:: Recorded information ::
(* Let $G$ be a non-discrete, totally disconnected, torsion-free locally compact abelian group. Then there exists a nonzero continuous homomorphism $\widehat{\mathbb{Q}/\mathbb{Z}}\to G$, i.e. $\mathrm{Hom}(\widehat{\mathbb{Q}/\mathbb{Z}},G)\neq 0$.
   Context: $\mathbb{Q}/\mathbb{Z}$ carries the discrete topology, and $\widehat{\mathbb{Q}/\mathbb{Z}}=\mathrm{Hom}(\mathbb{Q}/\mathbb{Z},\mathbb{R}/\mathbb{Z})$ is its Pontryagin dual (a compact group). $\mathrm{Hom}(A,B)$ is the group of continuous homomorphisms $A\to B$. *)

theory Defs
  imports "HOL-Analysis.Analysis" "HOL-Algebra.Group"
begin

definition topological_group :: "('a, 'b) monoid_scheme \<Rightarrow> 'a topology \<Rightarrow> bool" where
  "topological_group G T \<longleftrightarrow> group G \<and> topspace T = carrier G \<and>
     continuous_map (prod_topology T T) T (\<lambda>(x, y). x \<otimes>\<^bsub>G\<^esub> y) \<and>
     continuous_map T T (\<lambda>x. inv\<^bsub>G\<^esub> x)"

definition LCA_group :: "('a, 'b) monoid_scheme \<Rightarrow> 'a topology \<Rightarrow> bool" where
  "LCA_group G T \<longleftrightarrow> topological_group G T \<and> comm_group G \<and>
     Hausdorff_space T \<and> locally_compact_space T"

definition totally_disconnected_space :: "'a topology \<Rightarrow> bool" where
  "totally_disconnected_space T \<longleftrightarrow>
     (\<forall>x \<in> topspace T. connected_component_of_set T x = {x})"

definition torsion_free :: "('a, 'b) monoid_scheme \<Rightarrow> bool" where
  "torsion_free G \<longleftrightarrow>
     (\<forall>x \<in> carrier G. \<forall>n::nat. n > 0 \<and> x [^]\<^bsub>G\<^esub> n = \<one>\<^bsub>G\<^esub> \<longrightarrow> x = \<one>\<^bsub>G\<^esub>)"

text \<open>A continuous character of Q/Z
  (discrete) is the same as a homomorphism Q \<rightarrow> R/Z killing Z.  We realise R/Z as the
  unit circle in \<complex> (via t \<mapsto> exp(2 pi i t)), so a character is a function
  chi :: rat \<Rightarrow> complex with chi(a+b) = chi a * chi b, |chi a| = 1 and chi 1 = 1
  (hence chi vanishes on Z, i.e. factors through Q/Z).\<close>
definition QZ_dual_carrier :: "(rat \<Rightarrow> complex) set" where
  "QZ_dual_carrier = {c. (\<forall>a. norm (c a) = 1) \<and> (\<forall>a b. c (a + b) = c a * c b) \<and> c 1 = 1}"

definition QZ_dual :: "(rat \<Rightarrow> complex) monoid" where
  "QZ_dual = \<lparr>carrier = QZ_dual_carrier, mult = (\<lambda>c d a. c a * d a), one = (\<lambda>a. 1)\<rparr>"

text \<open>Compact-open topology on the dual; since Q/Z is discrete this is the topology
  of pointwise convergence, i.e. the subspace topology of the product topology.\<close>
definition QZ_dual_topology :: "(rat \<Rightarrow> complex) topology" where
  "QZ_dual_topology = subtopology (product_topology (\<lambda>_. euclidean) UNIV) QZ_dual_carrier"

end

theory Submission
  imports Defs "HOL-Algebra.Generated_Groups"
begin
(* Every extended ADE curve $C$ is numerically $2$-connected: for every decomposition $C=A+B$ into nonzero effective divisors $A,B$ one has $A\cdot B\ge2$.
   Context: Work over $\mathbb C$. Let $X$ be a smooth projective surface and $C=\sum_{v\in V}m_vC_v\subset X$ an effective divisor with smooth irreducible components $C_v$, at most two through any point, meeting transversally (for $x\in C_v\cap C_w$, $(m_vC_v)\cap(m_wC_w)$ has local ring $\mathbb C[u,t]/(u^{m_v},t^{m_w})$). The labelled intersection graph $\Gamma$ has vertex set $V$, one edge per intersection point, label $m_v$. $C$ is an \emph{extended ADE curve} if (1) $\Gamma$ is one of: $\tilde A_n$: a cycle of $n+1$ vertices (two vertices, two edges if $n=1$), all labels $1$; $\tilde D_n$ ($n\ge4$): a chain of $n-3$ label-$2$ vertices with two label-$1$ vertices attached to each end (for $n=4$, one label-$2$ vertex with four label-$1$ neighbours); $\tilde E_6$: central label-$3$ vertex with three arms (label $2$ then $1$); $\tilde E_7$: chain $1,2,3,4,3,2,1$ plus a label-$2$ vertex on the label-$4$ vertex; $\tilde E_8$: chain $2,4,6,5,4,3,2,1$ plus a label-$3$ vertex on the label-$6$ vertex; (2) each $C_i$ with $m_i\ge2$ is a smooth rational $(-2)$-curve. *)

theory Defs
  imports Main
begin

text \<open>A labelled multigraph on vertices 0..<length labels, given by a list of labels and a
  list of edges (one entry per intersection point).\<close>

definition edge_count :: "(nat \<times> nat) list \<Rightarrow> nat \<Rightarrow> nat \<Rightarrow> nat" where
  "edge_count es i j = length (filter (\<lambda>p. p = (i, j) \<or> p = (j, i)) es)"

definition tA :: "nat \<Rightarrow> nat list \<times> (nat \<times> nat) list" where
  "tA n = (replicate (n + 1) 1, map (\<lambda>i. (i, (i + 1) mod (n + 1))) [0..<n + 1])"

definition tD :: "nat \<Rightarrow> nat list \<times> (nat \<times> nat) list" where
  "tD n = (replicate (n - 3) 2 @ [1, 1, 1, 1],
           map (\<lambda>i. (i, i + 1)) [0..<n - 4] @
           [(0, n - 3), (0, n - 2), (n - 4, n - 1), (n - 4, n)])"

definition tE6 :: "nat list \<times> (nat \<times> nat) list" where
  "tE6 = ([3, 2, 1, 2, 1, 2, 1], [(0,1), (1,2), (0,3), (3,4), (0,5), (5,6)])"
(* In the longitudinal random intercept setting described in the context, suppose that $N$, $T$, $\widetilde{\alpha}$, $1-\alpha$, $\psi$ and $\rho$ are fixed, and let $(\widehat{\sigma}_\varepsilon,\widehat{\sigma}_\mu)$ be any one of the three pairs of estimators listed in the context. Then the scaled expected length $$ \frac{ z_{1-\alpha/2}}{\Phi^{-1}((c^*+1)/2)} \cdot \frac{ E \left( (\widehat{\sigma}_{\varepsilon}/\sigma_{\varepsilon}) \left( \sum_{i=1}^N \sum_{t=1}^T (u_{it} - \overline{u}_i)^2 \right)^{-1/2} \left( \widehat{w}^{1/2}\, \mathcal{I}(\mathcal{B}) + \mathcal{I}(\mathcal{B}^c) \right) \right)}{E \left( (\widehat{\sigma}_{\varepsilon}/\sigma_{\varepsilon}) \left( \sum_{i=1}^N \sum_{t=1}^T (u_{it} - \overline{u}_i)^2 \right)^{-1/2} \right)} $$ is an even function of $\tau\in(-1,1)$.
   Context: Model: for $i=1,\dots,N$ and $t=1,\dots,T$, $y_{it} = a + \beta x_{it} + \mu_i + \varepsilon_{it}$, where the $\varepsilon_{it}$ are i.i.d. $N(0,\sigma_\varepsilon^2)$, independent of the vectors $(\mu_i, x_{i1},\dots,x_{iT})$, $i=1,\dots,N$, which are i.i.d. multivariate normal with mean zero and covariance matrix $\begin{bmatrix}\sigma_\mu^2 & \widetilde{\tau}\sigma_\mu\sigma_x e^{\prime}\\ \widetilde{\tau}\sigma_\mu\sigma_x e & \sigma_x^2 G\end{bmatrix}$, with $e$ the $T$-vector of ones and $G$ the $T\times T$ matrix with 1's on the diagonal and $\rho$ off the diagonal. Here $\sigma_\varepsilon,\sigma_\mu,\sigma_x>0$. The non-exogeneity parameter is $\tau = \widetilde{\tau}\,(T/(1+(T-1)\rho))^{1/2}\in(-1,1)$ (it equals $\mathrm{Corr}(\mu_i,\overline{x}_i)$), and $\psi=\sigma_\mu/\sigma_\varepsilon$. The covariates are represented as $x_{it}/\sigma_x = (1-\rho)^{1/2}u_{it} + \rho^{1/2}v_i$, where $\rho\in[0,1)$ and $u_{11},\dots,u_{NT},v_1,\dots,v_N$ are i.i.d. $N(0,1)$, independent of the $\varepsilon_{it}$; $\mu_i$ is generated from its conditional distribution given $(x_{i1},\dots,x_{iT})$. $x$ denotes the vector of all $x_{it}$; $\overline{u}_i=T^{-1}\sum_t u_{it}$. Notation: $\overline{y}_i = T^{-1}\sum_t y_{it}$, $\overline{x}_i=T^{-1}\sum_t x_{it}$, $\overline{x}=(NT)^{-1}\sum_{i,t}x_{it}$, $\overline{y}=(NT)^{-1}\sum_{i,t}y_{it}$, $\mathrm{SSB}=\sum_i(\overline{x}_i-\overline{x})^2$, $\mathrm{SSW}=\sum_{i,t}(x_{it}-\overline{x}_i)^2$, $r(x)=\mathrm{SSB}/\mathrm{SSW}$, $q(\psi,T)=\psi^2+1/T$, $z_c=\Phi^{-1}(c)$ with $\Phi$ the $N(0,1)$ cdf, $\mathcal{I}(\mathcal{A})$ is 1 if statement $\mathcal{A}$ is true and 0 otherwise. Estimators of $\beta$: $\widetilde{\beta}_W = \sum_{i,t}(x_{it}-\overline{x}_i)(y_{it}-\overline{y}_i)/\mathrm{SSW}$ (OLS in the fixed effects model $y_{it}-\overline{y}_i=\beta(x_{it}-\overline{x}_i)+(\varepsilon_{it}-\overline{\varepsilon}_i)$), $\mathrm{Var}(\widetilde{\beta}_W\mid x)=\sigma_\varepsilon^2/\mathrm{SSW}$; $\widetilde{\beta}_B=\sum_i(\overline{x}_i-\overline{x})(\overline{y}_i-\overline{y})/\mathrm{SSB}$ (OLS slope in the between model $\overline{y}_i=a+\beta\overline{x}_i+\mu_i+\overline{\varepsilon}_i$), $\mathrm{Var}_0(\widetilde{\beta}_B\mid x)=(\sigma_\mu^2+\sigma_\varepsilon^2/T)/\mathrm{SSB}$; GLS estimator (random intercept model with $\tau=0$) $\widehat{\beta}(\psi)=\big(\mathrm{SSW}\,\widetilde{\beta}_W + (\mathrm{SSB}/q(\psi,T))\widetilde{\beta}_B\big)/\big(\mathrm{SSW}+\mathrm{SSB}/q(\psi,T)\big)$, $\mathrm{Var}_0(\widehat{\beta}(\psi)\mid x)=\sigma_\varepsilon^2/(\mathrm{SSW}+\mathrm{SSB}/q(\psi,T))$. Estimator pairs $(\widehat{\sigma}_\varepsilon^2,\widehat{\sigma}_\mu^2)$: (1) unbiased-type: $\widehat{\sigma}_\varepsilon^2=\frac{1}{N(T-1)-1}\sum_{i,t}r_{it}^2$ and $\widehat{\sigma}_\mu^2=\max(0,\frac{1}{N-2}\sum_i\overline{r}_i^2-\frac{1}{NT(T-1)-T}\sum_{i,t}r_{it}^2)$, where $r_{it}$ are the OLS residuals of the fixed effects model and $\overline{r}_i$ the OLS residuals of the between model; (2) Hsiao's maximum likelihood estimators of $\sigma_\varepsilon^2,\sigma_\mu^2$ in the Gaussian random intercept model (with $\tau=0$), maximizing the log-likelihood subject to $\sigma_\varepsilon^2\ge0,\sigma_\mu^2\ge0$; (3) Wooldridge's estimators: $\widehat{\sigma}_\varepsilon^2=\max(-\epsilon\widetilde{\sigma}_\varepsilon^2,\widetilde{\sigma}_\varepsilon^2)$ with $\epsilon$ a very small positive number and $\widetilde{\sigma}_\varepsilon^2=\frac{1}{NT-K}\sum_{i,t}\tilde{r}_{it}^2-\frac{1}{NT(T-1)/2-K}\sum_i\sum_{t=1}^{T-1}\sum_{s=t+1}^T\tilde{r}_{it}\tilde{r}_{is}$, and $\widehat{\sigma}_\mu^2=\max(0,\frac{1}{NT(T-1)/2-K}\sum_i\sum_{t=1}^{T-1}\sum_{s=t+1}^T\tilde{r}_{it}\tilde{r}_{is})$, where $\tilde{r}_{it}$ are the residuals from pooled OLS of $y_{it}$ on an intercept and $x_{it}$, and $K\in\{0,2\}$. $\widehat{\sigma}_\varepsilon,\widehat{\sigma}_\mu$ are the nonnegative square roots and $\widehat{\psi}=\widehat{\sigma}_\mu/\widehat{\sigma}_\varepsilon$. Two-stage interval: Hausman statistic $H(\sigma_\varepsilon,\sigma_\mu)=(\widetilde{\beta}_W-\widetilde{\beta}_B)^2/\big(\mathrm{Var}(\widetilde{\beta}_W\mid x)+\mathrm{Var}_0(\widetilde{\beta}_B\mid x)\big)$. If $H\le z^2_{1-\widetilde{\alpha}/2}$ the interval $K(\sigma_\varepsilon,\sigma_\mu)$ is $[\widehat{\beta}(\psi)\pm z_{1-\alpha/2}(\mathrm{Var}_0(\widehat{\beta}(\psi)\mid x))^{1/2}]$, otherwise it is $[\widetilde{\beta}_W\pm z_{1-\alpha/2}\sigma_\varepsilon/\mathrm{SSW}^{1/2}]$. $K(\widehat{\sigma}_\varepsilon,\widehat{\sigma}_\mu)$ replaces $\sigma_\varepsilon,\sigma_\mu,\psi$ by $\widehat{\sigma}_\varepsilon,\widehat{\sigma}_\mu,\widehat{\psi}$ throughout. $\mathcal{B}$ is the statement $H(\widehat{\sigma}_\varepsilon,\widehat{\sigma}_\mu)\le z^2_{1-\widetilde{\alpha}/2}$; $\widehat{w}=q(\widehat{\psi},T)/(q(\widehat{\psi},T)+r(x))$. Adjustment constant: for a fixed $\widetilde{\rho}\in(0,1)$, $c_{\min}$ is $P(\beta\in K(\widehat{\sigma}_\varepsilon,\widehat{\sigma}_\mu))$ minimized over $\tau\in(-1,1)$, $\psi\in(0,\infty)$, $\rho\in[0,\widetilde{\rho}]$; for $c\in(0,1)$, $J_c(\widehat{\sigma}_\varepsilon)=[\widetilde{\beta}_W\pm\Phi^{-1}((c+1)/2)\widehat{\sigma}_\varepsilon/\mathrm{SSW}^{1/2}]$; $c^*$ is the value of $c$ with $P(\beta\in J_c(\widehat{\sigma}_\varepsilon))=c_{\min}$. *)

theory Defs
  imports "HOL-Probability.Probability"
begin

:: Assignment ::
What lines in the entries contain "open"? Report each one by copying it.

:: Result of this task ::
text \<open>A continuous character of Q/Z
text \<open>Compact-open topology on the dual; since Q/Z is discrete this is the topology
text \<open>A labelled multigraph on vertices 0..<length labels, given by a list of labels and a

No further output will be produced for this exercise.